## Task objective:
In the entries below, find the line with "k = (\<Prod>j<k. (1" and print exactly every line from there up to and including the line with "(Suc n) = q", with no other lines.

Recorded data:
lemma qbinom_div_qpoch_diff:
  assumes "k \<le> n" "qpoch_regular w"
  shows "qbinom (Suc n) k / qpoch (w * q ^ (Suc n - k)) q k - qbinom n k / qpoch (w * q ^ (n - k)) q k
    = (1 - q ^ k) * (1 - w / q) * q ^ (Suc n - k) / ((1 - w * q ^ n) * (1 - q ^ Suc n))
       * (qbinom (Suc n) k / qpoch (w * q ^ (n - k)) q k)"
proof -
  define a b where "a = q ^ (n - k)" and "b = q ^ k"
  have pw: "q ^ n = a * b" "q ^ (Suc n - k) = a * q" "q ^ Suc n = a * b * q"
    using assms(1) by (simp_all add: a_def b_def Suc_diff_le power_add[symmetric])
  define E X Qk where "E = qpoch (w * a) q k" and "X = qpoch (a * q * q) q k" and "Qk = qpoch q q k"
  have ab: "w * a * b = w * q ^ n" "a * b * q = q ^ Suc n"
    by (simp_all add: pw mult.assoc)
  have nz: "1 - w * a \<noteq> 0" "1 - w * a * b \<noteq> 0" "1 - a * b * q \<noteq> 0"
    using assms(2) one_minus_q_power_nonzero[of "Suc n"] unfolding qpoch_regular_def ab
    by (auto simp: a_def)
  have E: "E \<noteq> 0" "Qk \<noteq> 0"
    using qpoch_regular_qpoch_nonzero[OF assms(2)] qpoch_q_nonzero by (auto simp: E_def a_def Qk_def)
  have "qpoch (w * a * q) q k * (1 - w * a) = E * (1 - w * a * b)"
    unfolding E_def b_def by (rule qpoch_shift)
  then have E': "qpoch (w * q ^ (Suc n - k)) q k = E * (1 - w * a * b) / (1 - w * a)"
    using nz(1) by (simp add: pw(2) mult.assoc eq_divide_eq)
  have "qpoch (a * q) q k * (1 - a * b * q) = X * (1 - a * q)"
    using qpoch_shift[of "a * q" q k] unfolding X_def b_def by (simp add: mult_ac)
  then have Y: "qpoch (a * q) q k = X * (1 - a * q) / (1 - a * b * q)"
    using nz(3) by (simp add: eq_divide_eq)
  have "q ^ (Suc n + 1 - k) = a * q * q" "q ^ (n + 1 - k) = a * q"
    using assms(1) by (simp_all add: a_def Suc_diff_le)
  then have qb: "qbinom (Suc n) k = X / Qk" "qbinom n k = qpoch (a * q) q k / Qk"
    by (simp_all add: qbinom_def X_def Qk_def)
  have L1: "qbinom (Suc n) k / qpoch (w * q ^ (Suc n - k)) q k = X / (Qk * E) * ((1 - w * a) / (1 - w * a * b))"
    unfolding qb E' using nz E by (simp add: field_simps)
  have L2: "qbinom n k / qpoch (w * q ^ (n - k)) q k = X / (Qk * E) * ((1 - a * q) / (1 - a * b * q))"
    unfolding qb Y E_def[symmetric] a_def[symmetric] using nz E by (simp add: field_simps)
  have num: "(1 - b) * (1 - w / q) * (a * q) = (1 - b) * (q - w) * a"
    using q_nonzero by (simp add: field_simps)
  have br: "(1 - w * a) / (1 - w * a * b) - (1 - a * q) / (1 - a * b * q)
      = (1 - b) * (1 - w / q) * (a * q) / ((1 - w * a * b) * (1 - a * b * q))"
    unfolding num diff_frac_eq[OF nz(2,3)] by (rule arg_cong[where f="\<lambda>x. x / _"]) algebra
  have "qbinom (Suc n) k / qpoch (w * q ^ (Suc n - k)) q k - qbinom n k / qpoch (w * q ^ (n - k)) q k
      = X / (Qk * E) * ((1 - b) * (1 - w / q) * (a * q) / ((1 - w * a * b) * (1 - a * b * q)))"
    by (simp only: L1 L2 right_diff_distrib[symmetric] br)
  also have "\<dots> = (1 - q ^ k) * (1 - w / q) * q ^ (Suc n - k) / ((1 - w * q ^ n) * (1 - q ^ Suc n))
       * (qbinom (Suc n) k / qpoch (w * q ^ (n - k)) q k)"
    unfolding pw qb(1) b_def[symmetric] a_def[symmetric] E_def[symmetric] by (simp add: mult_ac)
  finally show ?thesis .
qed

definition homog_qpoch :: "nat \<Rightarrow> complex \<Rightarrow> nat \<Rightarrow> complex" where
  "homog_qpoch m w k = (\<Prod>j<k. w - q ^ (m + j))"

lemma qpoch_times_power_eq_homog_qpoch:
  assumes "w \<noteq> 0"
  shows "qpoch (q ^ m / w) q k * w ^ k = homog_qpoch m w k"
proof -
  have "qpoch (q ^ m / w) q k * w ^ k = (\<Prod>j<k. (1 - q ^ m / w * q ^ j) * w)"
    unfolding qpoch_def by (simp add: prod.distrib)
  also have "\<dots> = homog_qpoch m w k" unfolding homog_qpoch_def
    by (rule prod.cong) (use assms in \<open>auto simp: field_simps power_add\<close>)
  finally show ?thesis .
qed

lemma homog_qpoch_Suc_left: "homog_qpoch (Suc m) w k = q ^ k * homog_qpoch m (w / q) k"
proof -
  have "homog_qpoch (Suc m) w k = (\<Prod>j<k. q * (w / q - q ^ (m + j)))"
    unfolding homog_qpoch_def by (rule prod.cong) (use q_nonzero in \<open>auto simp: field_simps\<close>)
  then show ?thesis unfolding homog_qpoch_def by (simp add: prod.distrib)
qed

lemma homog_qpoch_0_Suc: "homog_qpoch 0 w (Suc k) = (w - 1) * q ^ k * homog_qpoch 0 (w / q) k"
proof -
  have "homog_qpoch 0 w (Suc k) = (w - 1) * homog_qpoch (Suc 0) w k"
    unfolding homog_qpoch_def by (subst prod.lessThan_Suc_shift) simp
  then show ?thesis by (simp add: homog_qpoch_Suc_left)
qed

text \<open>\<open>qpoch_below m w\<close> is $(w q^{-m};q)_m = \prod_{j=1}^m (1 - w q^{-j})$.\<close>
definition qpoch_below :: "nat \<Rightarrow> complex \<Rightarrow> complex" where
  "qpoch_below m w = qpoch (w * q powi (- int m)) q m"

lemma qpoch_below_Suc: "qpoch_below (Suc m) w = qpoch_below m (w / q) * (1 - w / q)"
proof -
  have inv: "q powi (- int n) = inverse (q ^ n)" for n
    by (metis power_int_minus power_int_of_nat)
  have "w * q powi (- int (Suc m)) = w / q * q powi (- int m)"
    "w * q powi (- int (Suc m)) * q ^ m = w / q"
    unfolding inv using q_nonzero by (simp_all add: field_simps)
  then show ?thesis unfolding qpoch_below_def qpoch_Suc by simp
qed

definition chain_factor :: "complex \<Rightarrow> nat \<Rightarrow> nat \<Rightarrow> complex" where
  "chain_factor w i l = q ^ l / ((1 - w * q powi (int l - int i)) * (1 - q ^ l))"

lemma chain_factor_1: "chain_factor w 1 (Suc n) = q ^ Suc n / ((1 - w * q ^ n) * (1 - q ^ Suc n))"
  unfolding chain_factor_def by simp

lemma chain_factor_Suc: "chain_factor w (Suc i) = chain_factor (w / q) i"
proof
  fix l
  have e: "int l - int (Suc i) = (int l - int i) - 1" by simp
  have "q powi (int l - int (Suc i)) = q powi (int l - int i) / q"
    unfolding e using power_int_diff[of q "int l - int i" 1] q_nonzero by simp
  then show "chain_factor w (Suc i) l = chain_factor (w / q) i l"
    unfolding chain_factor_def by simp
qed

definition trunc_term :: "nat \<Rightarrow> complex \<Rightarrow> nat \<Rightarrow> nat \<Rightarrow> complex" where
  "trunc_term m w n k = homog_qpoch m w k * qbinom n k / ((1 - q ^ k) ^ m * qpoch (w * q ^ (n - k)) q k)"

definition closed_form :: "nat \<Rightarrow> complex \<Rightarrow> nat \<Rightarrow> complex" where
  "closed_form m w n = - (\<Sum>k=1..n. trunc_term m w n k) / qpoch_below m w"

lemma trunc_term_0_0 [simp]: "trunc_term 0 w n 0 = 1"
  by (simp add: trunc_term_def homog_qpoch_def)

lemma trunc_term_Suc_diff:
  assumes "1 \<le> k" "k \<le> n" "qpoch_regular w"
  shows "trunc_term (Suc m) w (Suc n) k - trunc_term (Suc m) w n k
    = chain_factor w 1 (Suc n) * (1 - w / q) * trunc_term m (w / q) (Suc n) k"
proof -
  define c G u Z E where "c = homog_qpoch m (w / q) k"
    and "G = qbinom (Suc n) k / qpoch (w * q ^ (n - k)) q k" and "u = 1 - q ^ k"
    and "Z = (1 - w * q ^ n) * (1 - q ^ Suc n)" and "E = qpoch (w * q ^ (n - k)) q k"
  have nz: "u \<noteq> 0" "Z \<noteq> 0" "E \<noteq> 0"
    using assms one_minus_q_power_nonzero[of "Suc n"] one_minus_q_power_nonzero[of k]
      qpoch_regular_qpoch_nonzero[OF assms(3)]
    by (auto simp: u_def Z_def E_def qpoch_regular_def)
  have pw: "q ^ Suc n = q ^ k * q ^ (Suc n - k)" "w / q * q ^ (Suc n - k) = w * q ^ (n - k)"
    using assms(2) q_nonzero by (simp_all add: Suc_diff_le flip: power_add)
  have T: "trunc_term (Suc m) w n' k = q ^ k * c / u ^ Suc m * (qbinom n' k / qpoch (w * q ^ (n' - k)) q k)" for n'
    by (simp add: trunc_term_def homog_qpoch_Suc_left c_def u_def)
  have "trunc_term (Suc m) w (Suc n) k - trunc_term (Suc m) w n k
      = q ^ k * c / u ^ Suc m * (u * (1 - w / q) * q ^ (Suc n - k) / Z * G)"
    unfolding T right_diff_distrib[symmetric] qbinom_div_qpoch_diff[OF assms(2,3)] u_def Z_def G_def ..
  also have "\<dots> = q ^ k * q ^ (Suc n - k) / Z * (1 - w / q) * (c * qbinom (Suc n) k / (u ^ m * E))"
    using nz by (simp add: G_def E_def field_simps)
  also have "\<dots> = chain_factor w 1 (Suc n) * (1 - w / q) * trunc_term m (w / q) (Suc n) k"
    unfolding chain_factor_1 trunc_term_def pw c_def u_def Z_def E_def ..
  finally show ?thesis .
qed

## Expected answer:
  have "qpoch (q ^ m / w) q k * w ^ k = (\<Prod>j<k. (1 - q ^ m / w * q ^ j) * w)"
    unfolding qpoch_def by (simp add: prod.distrib)
  also have "\<dots> = homog_qpoch m w k" unfolding homog_qpoch_def
    by (rule prod.cong) (use assms in \<open>auto simp: field_simps power_add\<close>)
  finally show ?thesis .
qed

lemma homog_qpoch_Suc_left: "homog_qpoch (Suc m) w k = q ^ k * homog_qpoch m (w / q) k"
proof -
  have "homog_qpoch (Suc m) w k = (\<Prod>j<k. q * (w / q - q ^ (m + j)))"
    unfolding homog_qpoch_def by (rule prod.cong) (use q_nonzero in \<open>auto simp: field_simps\<close>)
  then show ?thesis unfolding homog_qpoch_def by (simp add: prod.distrib)
qed

lemma homog_qpoch_0_Suc: "homog_qpoch 0 w (Suc k) = (w - 1) * q ^ k * homog_qpoch 0 (w / q) k"
proof -
  have "homog_qpoch 0 w (Suc k) = (w - 1) * homog_qpoch (Suc 0) w k"
    unfolding homog_qpoch_def by (subst prod.lessThan_Suc_shift) simp
  then show ?thesis by (simp add: homog_qpoch_Suc_left)
qed

text \<open>\<open>qpoch_below m w\<close> is $(w q^{-m};q)_m = \prod_{j=1}^m (1 - w q^{-j})$.\<close>
definition qpoch_below :: "nat \<Rightarrow> complex \<Rightarrow> complex" where
  "qpoch_below m w = qpoch (w * q powi (- int m)) q m"

lemma qpoch_below_Suc: "qpoch_below (Suc m) w = qpoch_below m (w / q) * (1 - w / q)"
proof -
  have inv: "q powi (- int n) = inverse (q ^ n)" for n
    by (metis power_int_minus power_int_of_nat)
  have "w * q powi (- int (Suc m)) = w / q * q powi (- int m)"
    "w * q powi (- int (Suc m)) * q ^ m = w / q"
    unfolding inv using q_nonzero by (simp_all add: field_simps)
  then show ?thesis unfolding qpoch_below_def qpoch_Suc by simp
qed

definition chain_factor :: "complex \<Rightarrow> nat \<Rightarrow> nat \<Rightarrow> complex" where
  "chain_factor w i l = q ^ l / ((1 - w * q powi (int l - int i)) * (1 - q ^ l))"

lemma chain_factor_1: "chain_factor w 1 (Suc n) = q ^ Suc n / ((1 - w * q ^ n) * (1 - q ^ Suc n))"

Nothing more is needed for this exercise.